*Your task*:
Give back exactly the lines of the material below, starting with the line with "(\<forall>h g. \<forall>x\<in>Vg" and going on through the line with "yd_module V s Vg act \<and>".

*Records shown*:
▬▬▬▬▬▬▬▬▬▬
(* (PBW) Let $F$ be a field, $G$ a group and $\chi: G\times G\to F$ a bicharacter. Let $L$ be a braided m-Lie algebra in ${}^{FG}_{FG}\mathcal{YD}$ whose braiding is determined by $\chi$. Let $E$ be a homogeneous basis of $L$, $B$ a set, $\varphi:E\to B$ a bijection extended linearly to $\varphi:L\to FB$, with $FB$ carrying the Yetter–Drinfeld structure transported from $L$ via $\varphi$, and $FB^*=T(FB)$ (the free algebra on the set $B^*$ of words) carrying the induced structure $g\cdot(x_1\cdots x_r)=(g\cdot x_1)\cdots(g\cdot x_r)$, $\deg(x_1\cdots x_r)=\deg x_1\cdots \deg x_r$. Put $[bc]:=\varphi([e,f])$ and $\chi(b,c):=\chi(g,h)$ for $b=\varphi(e)$, $c=\varphi(f)$, $e\in L_g\cap E$, $f\in L_h\cap E$. Let $\prec$ be an order on $B$, $P=\{b_1\cdots b_n\mid b_i\in B,\ b_n\prec\cdots\prec b_1,\ n\in\mathbb N\}$, $FP$ the subspace of $FB^*$ with basis $P$, and let $\lambda:FB^*\to FP$ be a linear map satisfying: (i) $\lambda(f)=f$ for $f\in P$; (ii) $\lambda(ubcv)=\chi(b,c)\lambda(ucbv)+\lambda(u[bc]v)$ for $u,v\in B^*$, $b,c\in B$; (iii) $\lambda(uv)=\lambda(\lambda(u)v)=\lambda(u\lambda(v))$ for $u,v\in FB^*$. Let $U(L)=FP$ with multiplication $u*v=\lambda(uv)$. Then $(U(L),\varphi)$ is the universal enveloping algebra of the braided m-Lie algebra $L$: $\varphi:L\to U(L)^-$ is a Lie algebra homomorphism in ${}^{FG}_{FG}\mathcal{YD}$, and for every algebra $W$ in ${}^{FG}_{FG}\mathcal{YD}$ and every Lie algebra homomorphism $\psi:L\to W^-$ in ${}^{FG}_{FG}\mathcal{YD}$ there exists a unique algebra homomorphism $\bar\psi:U(L)\to W$ in ${}^{FG}_{FG}\mathcal{YD}$ with $\bar\psi\circ\varphi=\psi$.
   Context: A bicharacter is a map $\chi:G\times G\to F$ with $\chi(ab,c)=\chi(a,c)\chi(b,c)$, $\chi(a,bc)=\chi(a,b)\chi(a,c)$, $\chi(a,e)=1=\chi(e,a)$. An $FG$-Yetter–Drinfeld module is a $G$-graded vector space $V=\oplus_g V_g$ with a left $G$-action such that $h\cdot V_g\subseteq V_{hgh^{-1}}$; these form the braided tensor category ${}^{FG}_{FG}\mathcal{YD}$. The braiding is determined by $\chi$ if $h\cdot x=\chi(h,g)x$ for $x\in V_g$; then $C(x\otimes y)=\chi(g,h)y\otimes x$ for $x\in V_g,y\in V_h$. An algebra in the category is an associative unital algebra which is a Yetter–Drinfeld module such that multiplication and unit respect action and grading; algebra homomorphisms in the category are algebra maps that are also Yetter–Drinfeld morphisms. For an algebra $W$ in the category, $W^-$ denotes $W$ with bracket $[x,y]=xy-\chi(g,h)yx$ for $x\in W_g$, $y\in W_h$ (extended bilinearly). A braided m-Lie algebra in the category is a Yetter–Drinfeld module $L$ with a morphism $[\ ,\ ]:L\otimes L\to L$ for which there exist an algebra $A$ in the category and an injective morphism $\phi:L\to A$ with $\phi([x,y])=\phi(x)\phi(y)-\chi(g,h)\phi(y)\phi(x)$ for $x\in L_g,y\in L_h$. A Lie algebra homomorphism $\psi:L\to W^-$ in the category is a Yetter–Drinfeld morphism with $\psi([x,y])=\psi(x)\psi(y)-\chi(g,h)\psi(y)\psi(x)$ for $x\in L_g,y\in L_h$. Expressions like $u[bc]v$ are understood by linearity. *)

theory Defs
  imports Main "HOL-Library.Function_Algebras"
begin

text \<open>
The group G is a type 'g of
class group_add (a not necessarily commutative group, written additively: the
product gh is g + h, the unit e is 0, h^-1 is - h).  Every vector space / YD module
/ algebra is given by a carrier set V in an ab_group_add type (its addition and zero
are those of the type), an explicit scalar multiplication, a family of homogeneous
components Vg, and an explicit G-action; algebras additionally by an explicit
multiplication and unit.
\<close>

definition module_on :: "'v::ab_group_add set \<Rightarrow> ('k::field \<Rightarrow> 'v \<Rightarrow> 'v) \<Rightarrow> bool" where
  "module_on V s \<longleftrightarrow>
     0 \<in> V \<and> (\<forall>x\<in>V. \<forall>y\<in>V. x + y \<in> V) \<and> (\<forall>x\<in>V. - x \<in> V) \<and> (\<forall>c. \<forall>x\<in>V. s c x \<in> V) \<and>
     (\<forall>a. \<forall>x\<in>V. \<forall>y\<in>V. s a (x + y) = s a x + s a y) \<and>
     (\<forall>a b. \<forall>x\<in>V. s (a + b) x = s a x + s b x) \<and>
     (\<forall>a b. \<forall>x\<in>V. s a (s b x) = s (a * b) x) \<and>
     (\<forall>x\<in>V. s 1 x = x)"

definition lin_on :: "'v::ab_group_add set \<Rightarrow> ('k::field \<Rightarrow> 'v \<Rightarrow> 'v) \<Rightarrow>
                      'w::ab_group_add set \<Rightarrow> ('k \<Rightarrow> 'w \<Rightarrow> 'w) \<Rightarrow> ('v \<Rightarrow> 'w) \<Rightarrow> bool" where
  "lin_on V sV W sW f \<longleftrightarrow>
     (\<forall>x\<in>V. f x \<in> W) \<and> (\<forall>x\<in>V. \<forall>y\<in>V. f (x + y) = f x + f y) \<and>
     (\<forall>c. \<forall>x\<in>V. f (sV c x) = sW c (f x))"

definition basis_on :: "'v::ab_group_add set \<Rightarrow> ('k::field \<Rightarrow> 'v \<Rightarrow> 'v) \<Rightarrow> 'v set \<Rightarrow> bool" where
  "basis_on V s E \<longleftrightarrow> E \<subseteq> V \<and>
     (\<forall>x\<in>V. \<exists>!c::'v \<Rightarrow> 'k. finite {e. c e \<noteq> 0} \<and> {e. c e \<noteq> 0} \<subseteq> E \<and>
                          x = (\<Sum>e\<in>{e. c e \<noteq> 0}. s (c e) e))"

definition graded_on :: "'v::ab_group_add set \<Rightarrow> ('k::field \<Rightarrow> 'v \<Rightarrow> 'v) \<Rightarrow> ('g \<Rightarrow> 'v set) \<Rightarrow> bool" where
  "graded_on V s Vg \<longleftrightarrow>
     (\<forall>g. Vg g \<subseteq> V \<and> 0 \<in> Vg g \<and> (\<forall>x\<in>Vg g. \<forall>y\<in>Vg g. x + y \<in> Vg g) \<and>
          (\<forall>c. \<forall>x\<in>Vg g. s c x \<in> Vg g)) \<and>
     (\<forall>x\<in>V. \<exists>!c::'g \<Rightarrow> 'v. (\<forall>g. c g \<in> Vg g) \<and> finite {g. c g \<noteq> 0} \<and>
                          x = (\<Sum>g\<in>{g. c g \<noteq> 0}. c g))"

definition bicharacter :: "('g::group_add \<Rightarrow> 'g \<Rightarrow> 'k::field) \<Rightarrow> bool" where
  "bicharacter \<chi> \<longleftrightarrow>
     (\<forall>a b c. \<chi> (a + b) c = \<chi> a c * \<chi> b c) \<and> (\<forall>a b c. \<chi> a (b + c) = \<chi> a b * \<chi> a c) \<and>
     (\<forall>a. \<chi> a 0 = 1 \<and> \<chi> 0 a = 1)"

definition yd_module :: "'v::ab_group_add set \<Rightarrow> ('k::field \<Rightarrow> 'v \<Rightarrow> 'v) \<Rightarrow> ('g::group_add \<Rightarrow> 'v set)
                         \<Rightarrow> ('g \<Rightarrow> 'v \<Rightarrow> 'v) \<Rightarrow> bool" where
  "yd_module V s Vg act \<longleftrightarrow>
     module_on V s \<and> graded_on V s Vg \<and>
     (\<forall>g. lin_on V s V s (act g)) \<and>
     (\<forall>x\<in>V. act 0 x = x) \<and> (\<forall>g h. \<forall>x\<in>V. act (g + h) x = act g (act h x)) \<and>
     (\<forall>h g. \<forall>x\<in>Vg g. act h x \<in> Vg (h + g + - h))"

text \<open>The braiding of V is determined by the bicharacter: h.x = chi(h,g) x for x in V_g.\<close>
definition braiding_by :: "('g::group_add \<Rightarrow> 'g \<Rightarrow> 'k::field) \<Rightarrow> 'v::ab_group_add set \<Rightarrow>
                           ('k \<Rightarrow> 'v \<Rightarrow> 'v) \<Rightarrow> ('g \<Rightarrow> 'v set) \<Rightarrow> ('g \<Rightarrow> 'v \<Rightarrow> 'v) \<Rightarrow> bool" where
  "braiding_by \<chi> V s Vg act \<longleftrightarrow> (\<forall>g h. \<forall>x\<in>Vg g. act h x = s (\<chi> h g) x)"

definition yd_morphism :: "'v::ab_group_add set \<Rightarrow> ('k::field \<Rightarrow> 'v \<Rightarrow> 'v) \<Rightarrow> ('g::group_add \<Rightarrow> 'v set)
        \<Rightarrow> ('g \<Rightarrow> 'v \<Rightarrow> 'v) \<Rightarrow> 'w::ab_group_add set \<Rightarrow> ('k \<Rightarrow> 'w \<Rightarrow> 'w) \<Rightarrow> ('g \<Rightarrow> 'w set)
        \<Rightarrow> ('g \<Rightarrow> 'w \<Rightarrow> 'w) \<Rightarrow> ('v \<Rightarrow> 'w) \<Rightarrow> bool" where
  "yd_morphism V sV Vg actV W sW Wg actW f \<longleftrightarrow>
     lin_on V sV W sW f \<and> (\<forall>g. \<forall>x\<in>Vg g. f x \<in> Wg g) \<and>
     (\<forall>g. \<forall>x\<in>V. f (actV g x) = actW g (f x))"

text \<open>Algebra in the category: associative unital F-algebra, YD module, with
  multiplication (a morphism from the tensor square, with diagonal action and
  product grading) and unit respecting action and grading.\<close>
definition yd_algebra :: "'v::ab_group_add set \<Rightarrow> ('k::field \<Rightarrow> 'v \<Rightarrow> 'v) \<Rightarrow> ('g::group_add \<Rightarrow> 'v set)
        \<Rightarrow> ('g \<Rightarrow> 'v \<Rightarrow> 'v) \<Rightarrow> ('v \<Rightarrow> 'v \<Rightarrow> 'v) \<Rightarrow> 'v \<Rightarrow> bool" where
  "yd_algebra V s Vg act mult one \<longleftrightarrow>
     yd_module V s Vg act \<and> one \<in> V \<and> (\<forall>x\<in>V. \<forall>y\<in>V. mult x y \<in> V) \<and>
     (\<forall>x\<in>V. \<forall>y\<in>V. \<forall>z\<in>V. mult (x + y) z = mult x z + mult y z \<and> mult x (y + z) = mult x y + mult x z) \<and>
     (\<forall>c. \<forall>x\<in>V. \<forall>y\<in>V. mult (s c x) y = s c (mult x y) \<and> mult x (s c y) = s c (mult x y)) \<and>
     (\<forall>x\<in>V. \<forall>y\<in>V. \<forall>z\<in>V. mult (mult x y) z = mult x (mult y z)) \<and>
     (\<forall>x\<in>V. mult one x = x \<and> mult x one = x) \<and>
     (\<forall>g h. \<forall>x\<in>Vg g. \<forall>y\<in>Vg h. mult x y \<in> Vg (g + h)) \<and> one \<in> Vg 0 \<and>
     (\<forall>h. \<forall>x\<in>V. \<forall>y\<in>V. act h (mult x y) = mult (act h x) (act h y)) \<and> (\<forall>h. act h one = one)"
▬▬▬▬▬▬▬▬▬▬
*Response area*:
     (\<forall>h g. \<forall>x\<in>Vg g. act h x \<in> Vg (h + g + - h))"

text \<open>The braiding of V is determined by the bicharacter: h.x = chi(h,g) x for x in V_g.\<close>
definition braiding_by :: "('g::group_add \<Rightarrow> 'g \<Rightarrow> 'k::field) \<Rightarrow> 'v::ab_group_add set \<Rightarrow>
                           ('k \<Rightarrow> 'v \<Rightarrow> 'v) \<Rightarrow> ('g \<Rightarrow> 'v set) \<Rightarrow> ('g \<Rightarrow> 'v \<Rightarrow> 'v) \<Rightarrow> bool" where
  "braiding_by \<chi> V s Vg act \<longleftrightarrow> (\<forall>g h. \<forall>x\<in>Vg g. act h x = s (\<chi> h g) x)"

definition yd_morphism :: "'v::ab_group_add set \<Rightarrow> ('k::field \<Rightarrow> 'v \<Rightarrow> 'v) \<Rightarrow> ('g::group_add \<Rightarrow> 'v set)
        \<Rightarrow> ('g \<Rightarrow> 'v \<Rightarrow> 'v) \<Rightarrow> 'w::ab_group_add set \<Rightarrow> ('k \<Rightarrow> 'w \<Rightarrow> 'w) \<Rightarrow> ('g \<Rightarrow> 'w set)
        \<Rightarrow> ('g \<Rightarrow> 'w \<Rightarrow> 'w) \<Rightarrow> ('v \<Rightarrow> 'w) \<Rightarrow> bool" where
  "yd_morphism V sV Vg actV W sW Wg actW f \<longleftrightarrow>
     lin_on V sV W sW f \<and> (\<forall>g. \<forall>x\<in>Vg g. f x \<in> Wg g) \<and>
     (\<forall>g. \<forall>x\<in>V. f (actV g x) = actW g (f x))"

text \<open>Algebra in the category: associative unital F-algebra, YD module, with
  multiplication (a morphism from the tensor square, with diagonal action and
  product grading) and unit respecting action and grading.\<close>
definition yd_algebra :: "'v::ab_group_add set \<Rightarrow> ('k::field \<Rightarrow> 'v \<Rightarrow> 'v) \<Rightarrow> ('g::group_add \<Rightarrow> 'v set)
        \<Rightarrow> ('g \<Rightarrow> 'v \<Rightarrow> 'v) \<Rightarrow> ('v \<Rightarrow> 'v \<Rightarrow> 'v) \<Rightarrow> 'v \<Rightarrow> bool" where
  "yd_algebra V s Vg act mult one \<longleftrightarrow>
     yd_module V s Vg act \<and> one \<in> V \<and> (\<forall>x\<in>V. \<forall>y\<in>V. mult x y \<in> V) \<and>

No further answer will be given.